Statistical analyses

Accuracy was assessed by comparing its ability to detect ADE events using clinical vignettes published by Madaras-Kelly and using their scoring system as a gold standard7. The latest version of the revised Madaras-Kelly spectrum score8 was used to generate the scores for each antimicrobial regimen listed in the clinical vignettes (Table 1). Likewise, S3 scores were calculated for each antimicrobial regimen within their respective clinical vignette. An ADE was defined as a negative spectrum score delta by subtracting the final spectrum score value to the initial one. Quantitative analysis was performed by plotting normalized Madaras-Kelly against S3 scores delta scores to calculate Spearman’s correlation coefficient. Qualitative analysis was performed by using Madaras-Kelly’s spectrum score as a comparator method for ADE events, which helped building 2 × 2 tables to assess agreement between the two methods. All antibiotic’s spectrum scores individually available are reported in [Supplementary Table S2, Supplementary Figure S2) in a color-coded fashion. Statistical analyses were performed using Python version 3.12.0 with pandas (v2.1.3), numpy (v1.26.2), matplotlib (v3.8.2), seaborn (v0.13.0), pygal (v3.0.4) and scipy (v1.11.4).

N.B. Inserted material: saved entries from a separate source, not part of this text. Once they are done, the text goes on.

text \<open>At the first zero \<open>t\<^sub>1\<close> of \<open>f\<close>, take the maximum \<open>f u\<close> of \<open>f\<close> on a window of length
  \<open>\<delta>\<close> before \<open>t\<^sub>1\<close>: the decay over the window is at most \<open>\<delta> L f u \<le> f u / 2\<close>.\<close>

lemma integral_inequality_pos_persists:
  fixes f \<phi> :: "real \<Rightarrow> real"
  assumes base: "\<And>t. t \<in> {a..b} \<Longrightarrow> (\<phi> has_integral (f t - f a)) {a..t}"
    and lower: "\<And>r. r \<in> {a..b} \<Longrightarrow> \<phi> r \<ge> - L * max (f r) 0"
    and L: "L \<ge> 0" and fa: "f a > 0" and t: "t \<in> {a..b}"
  shows "f t > 0"
proof (rule ccontr)
  assume ft: "\<not> f t > 0"
  have nonneg: "\<And>r. r \<in> {a..b} \<Longrightarrow> f r \<ge> 0"
    using integral_inequality_nonneg_persists[OF base lower] fa by auto
  have cont: "continuous_on {a..b} f"
    by (rule has_integral_continuous_on[OF base])
  define Z where "Z = {s \<in> {a..t}. f s \<le> 0}"
  have "closed Z"
    unfolding Z_def using cont t
    by (intro continuous_on_closed_Collect_le) (auto intro: continuous_on_subset)
  moreover have "t \<in> Z" "bdd_below Z"
    using t ft by (auto simp: Z_def bdd_below_def)
  ultimately have t1Z: "Inf Z \<in> Z"
    using closed_contains_Inf by blast
  define t1 where "t1 = Inf Z"
  have at1: "a < t1" and t1b: "t1 \<in> {a..b}"
    using t1Z fa t by (auto simp: Z_def t1_def less_le)
  have ft1: "f t1 = 0"
    using t1Z nonneg[OF t1b] by (auto simp: Z_def t1_def)
  have before: "f r > 0" if r: "r \<in> {a..<t1}" for r
  proof (rule ccontr)
    assume "\<not> f r > 0"
    then have "r \<in> Z"
      using r t1Z by (auto simp: Z_def t1_def)
    then show False
      using r cInf_lower[OF _ \<open>bdd_below Z\<close>] by (force simp: t1_def)
  qed
  define \<delta> where "\<delta> = 1 / (2 * L + 2)"
  define s where "s = max a (t1 - \<delta>)"
  have \<delta>: "\<delta> > 0" "\<delta> * L \<le> 1 / 2"
    using L by (auto simp: \<delta>_def field_simps)
  have s: "a \<le> s" "s < t1"
    using at1 \<delta> by (auto simp: s_def)
  obtain u where u: "u \<in> {s..t1}" "\<And>y. y \<in> {s..t1} \<Longrightarrow> f y \<le> f u"
    using continuous_attains_sup[OF compact_Icc _ continuous_on_subset[OF cont, of "{s..t1}"]] s t1b
    by auto
  have fu: "f u > 0"
    using u(2)[of s] s before[of s] by auto
  have "(\<phi> has_integral (f t1 - f u)) {u..t1}"
    using has_integral_increment[where a = a and b = b, OF base] u s t1b by auto
  moreover have "((\<lambda>_. - L * f u) has_integral (t1 - u) * (- L * f u)) {u..t1}"
    using has_integral_const_real[of "- L * f u" u t1] u by simp
  moreover have "- L * f u \<le> \<phi> r" if r: "r \<in> {u..t1}" for r
  proof -
    have rb: "r \<in> {a..b}"
      using r u s t1b by auto
    have "L * f r \<le> L * f u"
      using u r L by (auto intro: mult_left_mono)
    then show ?thesis
      using lower[OF rb] nonneg[OF rb] by auto
  qed
  ultimately have "(t1 - u) * (- L * f u) \<le> f t1 - f u"
    using has_integral_le by blast
  then have "f u \<le> (t1 - u) * L * f u"
    using ft1 by (simp add: algebra_simps)
  also have "\<dots> \<le> \<delta> * L * f u"
    using u fu L by (intro mult_right_mono) (auto simp: s_def)
  also have "\<dots> \<le> f u / 2"
    using mult_right_mono[OF \<delta>(2), of "f u"] fu by simp
  finally show False
    using fu by simp
qed

locale alignment_dynamics =
  fixes N :: nat and T :: real and \<alpha> :: "real \<Rightarrow> nat \<Rightarrow> real"
    and v :: "real \<Rightarrow> nat \<Rightarrow> 'a::euclidean_space"
  assumes N_pos: "N \<ge> 1"
    and control_range: "\<And>t i. t \<in> {0..T} \<Longrightarrow> i < N \<Longrightarrow> \<alpha> t i \<in> {0..1}"
    and velocity_eq: "\<And>i t. i < N \<Longrightarrow> t \<in> {0..T} \<Longrightarrow>
      ((\<lambda>s. (- \<alpha> s i) *\<^sub>R v s i + (1 - \<alpha> s i) *\<^sub>R ((1 / real N) *\<^sub>R (\<Sum>j<N. v s j - v s i)))
        has_integral (v t i - v 0 i)) {0..t}"
begin

definition mean_velocity :: "real \<Rightarrow> 'a" where
  "mean_velocity t = (1 / real N) *\<^sub>R (\<Sum>i<N. v t i)"

definition mean_control :: "real \<Rightarrow> real" where
  "mean_control t = (1 / real N) * (\<Sum>i<N. \<alpha> t i)"

lemma mean_control_range: "t \<in> {0..T} \<Longrightarrow> mean_control t \<in> {0..1}"
proof -
  assume t: "t \<in> {0..T}"
  have "(\<Sum>i<N. \<alpha> t i) \<le> (\<Sum>i<N. 1)"
    by (rule sum_mono) (use control_range[OF t] in auto)
  moreover have "0 \<le> (\<Sum>i<N. \<alpha> t i)"
    by (rule sum_nonneg) (use control_range[OF t] in auto)
  ultimately show ?thesis
    using N_pos by (auto simp: mean_control_def field_simps)
qed

lemma sum_velocity: "(\<Sum>i<N. v t i) = real N *\<^sub>R mean_velocity t"
  using N_pos by (simp add: mean_velocity_def)

lemma velocity_has_integral:
  assumes "i < N" "t \<in> {0..T}"
  shows "((\<lambda>s. (1 - \<alpha> s i) *\<^sub>R mean_velocity s - v s i) has_integral (v t i - v 0 i)) {0..t}"
proof -
  have deviation: "(1 / real N) *\<^sub>R (\<Sum>j<N. v s j - v s i) = mean_velocity s - v s i" for s
    using N_pos by (simp add: sum_velocity sum_subtractf scaleR_diff_right sum_constant_scaleR)
  have "(- \<alpha> s i) *\<^sub>R v s i + (1 - \<alpha> s i) *\<^sub>R ((1 / real N) *\<^sub>R (\<Sum>j<N. v s j - v s i))
      = (1 - \<alpha> s i) *\<^sub>R mean_velocity s - v s i" for s
    unfolding deviation by (simp add: algebra_simps)
  then show ?thesis
    using velocity_eq[OF assms] by simp
qed

lemma mean_velocity_has_integral:
  assumes "t \<in> {0..T}"
  shows "((\<lambda>s. - mean_control s *\<^sub>R mean_velocity s)
    has_integral (mean_velocity t - mean_velocity 0)) {0..t}"
proof -
  have "((\<lambda>s. (1 / real N) *\<^sub>R (\<Sum>i<N. (1 - \<alpha> s i) *\<^sub>R mean_velocity s - v s i))
      has_integral (1 / real N) *\<^sub>R (\<Sum>i<N. v t i - v 0 i)) {0..t}"
    using assms by (intro has_integral_cmul has_integral_sum velocity_has_integral) auto
  moreover have "(1 / real N) *\<^sub>R (\<Sum>i<N. (1 - \<alpha> s i) *\<^sub>R mean_velocity s - v s i)
      = - mean_control s *\<^sub>R mean_velocity s" for s
  proof -
    have "(\<Sum>i<N. (1 - \<alpha> s i) *\<^sub>R mean_velocity s - v s i) = - (\<Sum>i<N. \<alpha> s i) *\<^sub>R mean_velocity s"
      by (simp add: sum_subtractf scaleR_sum_left[symmetric] sum_velocity scaleR_diff_left
          sum_constant_scaleR)
    then show ?thesis
      by (simp add: mean_control_def)
  qed
  moreover have "(1 / real N) *\<^sub>R (\<Sum>i<N. v t i - v 0 i) = mean_velocity t - mean_velocity 0"
    by (simp add: mean_velocity_def sum_subtractf scaleR_diff_right)
  ultimately show ?thesis
    by simp
qed

lemma mean_velocity_component_pos:
  assumes e: "mean_velocity 0 \<bullet> e > 0" and t: "t \<in> {0..T}"
  shows "mean_velocity t \<bullet> e > 0"
proof (rule integral_inequality_pos_persists[where f = "\<lambda>s. mean_velocity s \<bullet> e" and L = 1])
  show "((\<lambda>s. - mean_control s * (mean_velocity s \<bullet> e))
      has_integral (mean_velocity t' \<bullet> e - mean_velocity 0 \<bullet> e)) {0..t'}" if "t' \<in> {0..T}" for t'
    using has_integral_inner_left[OF mean_velocity_has_integral[OF that], of e]
    by (simp add: inner_diff_left)
  show "- 1 * max (mean_velocity r \<bullet> e) 0 \<le> - mean_control r * (mean_velocity r \<bullet> e)"
    if "r \<in> {0..T}" for r
    using mean_control_range[OF that]
    by (cases "mean_velocity r \<bullet> e \<ge> 0") (auto simp: mult_left_le_one_le mult_nonneg_nonpos)
qed (use e t in auto)

lemma velocity_component_sign_persists:
  assumes e: "mean_velocity 0 \<bullet> e > 0" and i: "i < N" and \<tau>: "\<tau> \<in> {0..T}"
    and t: "t \<in> {\<tau>..T}"
  shows "(v \<tau> i \<bullet> e \<ge> 0 \<longrightarrow> v t i \<bullet> e \<ge> 0) \<and> (v \<tau> i \<bullet> e > 0 \<longrightarrow> v t i \<bullet> e > 0)"
proof -
  define \<phi> where "\<phi> = (\<lambda>s. (1 - \<alpha> s i) * (mean_velocity s \<bullet> e) - v s i \<bullet> e)"
  have from_0: "(\<phi> has_integral (v t' i \<bullet> e - v 0 i \<bullet> e)) {0..t'}" if "t' \<in> {0..T}" for t'
    using has_integral_inner_left[OF velocity_has_integral[OF i that], of e]
    by (simp add: \<phi>_def inner_diff_left)
  have base: "(\<phi> has_integral (v t' i \<bullet> e - v \<tau> i \<bullet> e)) {\<tau>..t'}" if "t' \<in> {\<tau>..T}" for t'
    using has_integral_increment[where a = 0 and b = T, OF from_0] \<tau> that by auto
  have lower: "- 1 * max (v r i \<bullet> e) 0 \<le> \<phi> r" if "r \<in> {\<tau>..T}" for r
  proof -
    have r: "r \<in> {0..T}"
      using \<tau> that by auto
    have "0 \<le> (1 - \<alpha> r i) * (mean_velocity r \<bullet> e)"
      using control_range[OF r i] mean_velocity_component_pos[OF e r] by simp
    then show ?thesis
      by (auto simp: \<phi>_def max_def)
  qed
  show ?thesis
    using integral_inequality_nonneg_persists[OF base lower] integral_inequality_pos_persists[OF base lower] t
    by auto
qed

Table 1 Clinical vignettes of antimicrobial de-escalation (ADE) events as published by Madaras-Kelly et al.7 with reported spectrum scores from Madaras-Kelly and S3 scoring systems.

Ssource code

Source code of the S3 score application is freely available in open source at GitHub (https://github.com/metg1985/S3score).

Results

General use of Sas a simple and user-friendly app to assess for ADE

Figure 2 depicts the user-interface of the S3 app and a basic walkthrough to input the data required for the calculation of the spectrum scores. These inputs correspond to the initial antimicrobial therapy, or drugs from which the switch is made, and the final antimicrobial or the resulting drug after the switch is made. Quality controls ADE vignettes were developed to ensure and check for any underlying issue with S3. They provide examples of scenarios on how and when to use S3 to assess for ADE (Fig. 3, Supplementary Figure S3 and Supplementary Figure S4). For instance, Fig. 3 depicts a patient suffering from a bacterial skin infection caused by methicillin-susceptible S. aureus with bacteremia. In this hypothetical case, the initial (or empirical) therapy was amoxicillin-clavulanate. Subsequently, once the data on antimicrobial susceptibility is available, amoxicillin-clavulanate is stopped and substituted by oxacillin, a staphylococcal-specific synthetic penicillin. Since there are no other antimicrobial used in this scenario, no other input data is required to proceed with the calculation of the delta score. Clicking on the “S3score” button brings the user to another page displaying the delta S3 score or ΔS3 = − 28.67% (defined as final antimicrobial therapy S3 score minus initial antimicrobial therapy S3 score). Since the delta S3 score is negative (ΔS3 < 0), the outcome describes an antimicrobial de-escalation (ADE).

Figure 2
figure 2

General user interface of the S3 app depicting the main menu of the app (A), clicking on the S3 score calculator enabled the user to reach the data input menu (B) where initial antimicrobial drugs can be chosen from a list (C), after the first choice is made the app will automatically propose a subsequent antimicrobial drug as input. After the user has finalized the final antimicrobial drug inputs (D), he can click on “S3score” button to assess for a de-escalation (ADE) event (E). The app will automatically compute the difference between final (targeted) and initial (empirical) therapy and display the resulting ΔS3 score.

Figure 3
figure 3

Example of a clinical situation when S3 can be used. This example is based on the Quality Control (QC) vignettes developed by the authors. In this scenario, a skin infection to Staphylococcus aureus leading to a bloodstream infection (bacteremia) and empirically treated (initial antimicrobial therapy) with amoxicillin-clavulanate. Once the antimicrobial susceptibility testing (AST) results are available, the clinician alters the empirical therapy by stopping amoxicillin-clavulanate and introducing oxacillin (i.e., targeted or final therapy). When this data is fed into the app, the delta (ΔS3) score is displayed with an interpretation. Interpretation of the delta (ΔS3) score is given according to the following rule: ADE (ΔS3 < 0) or non-de-escalation (NDE, ΔS3 ≥ 0).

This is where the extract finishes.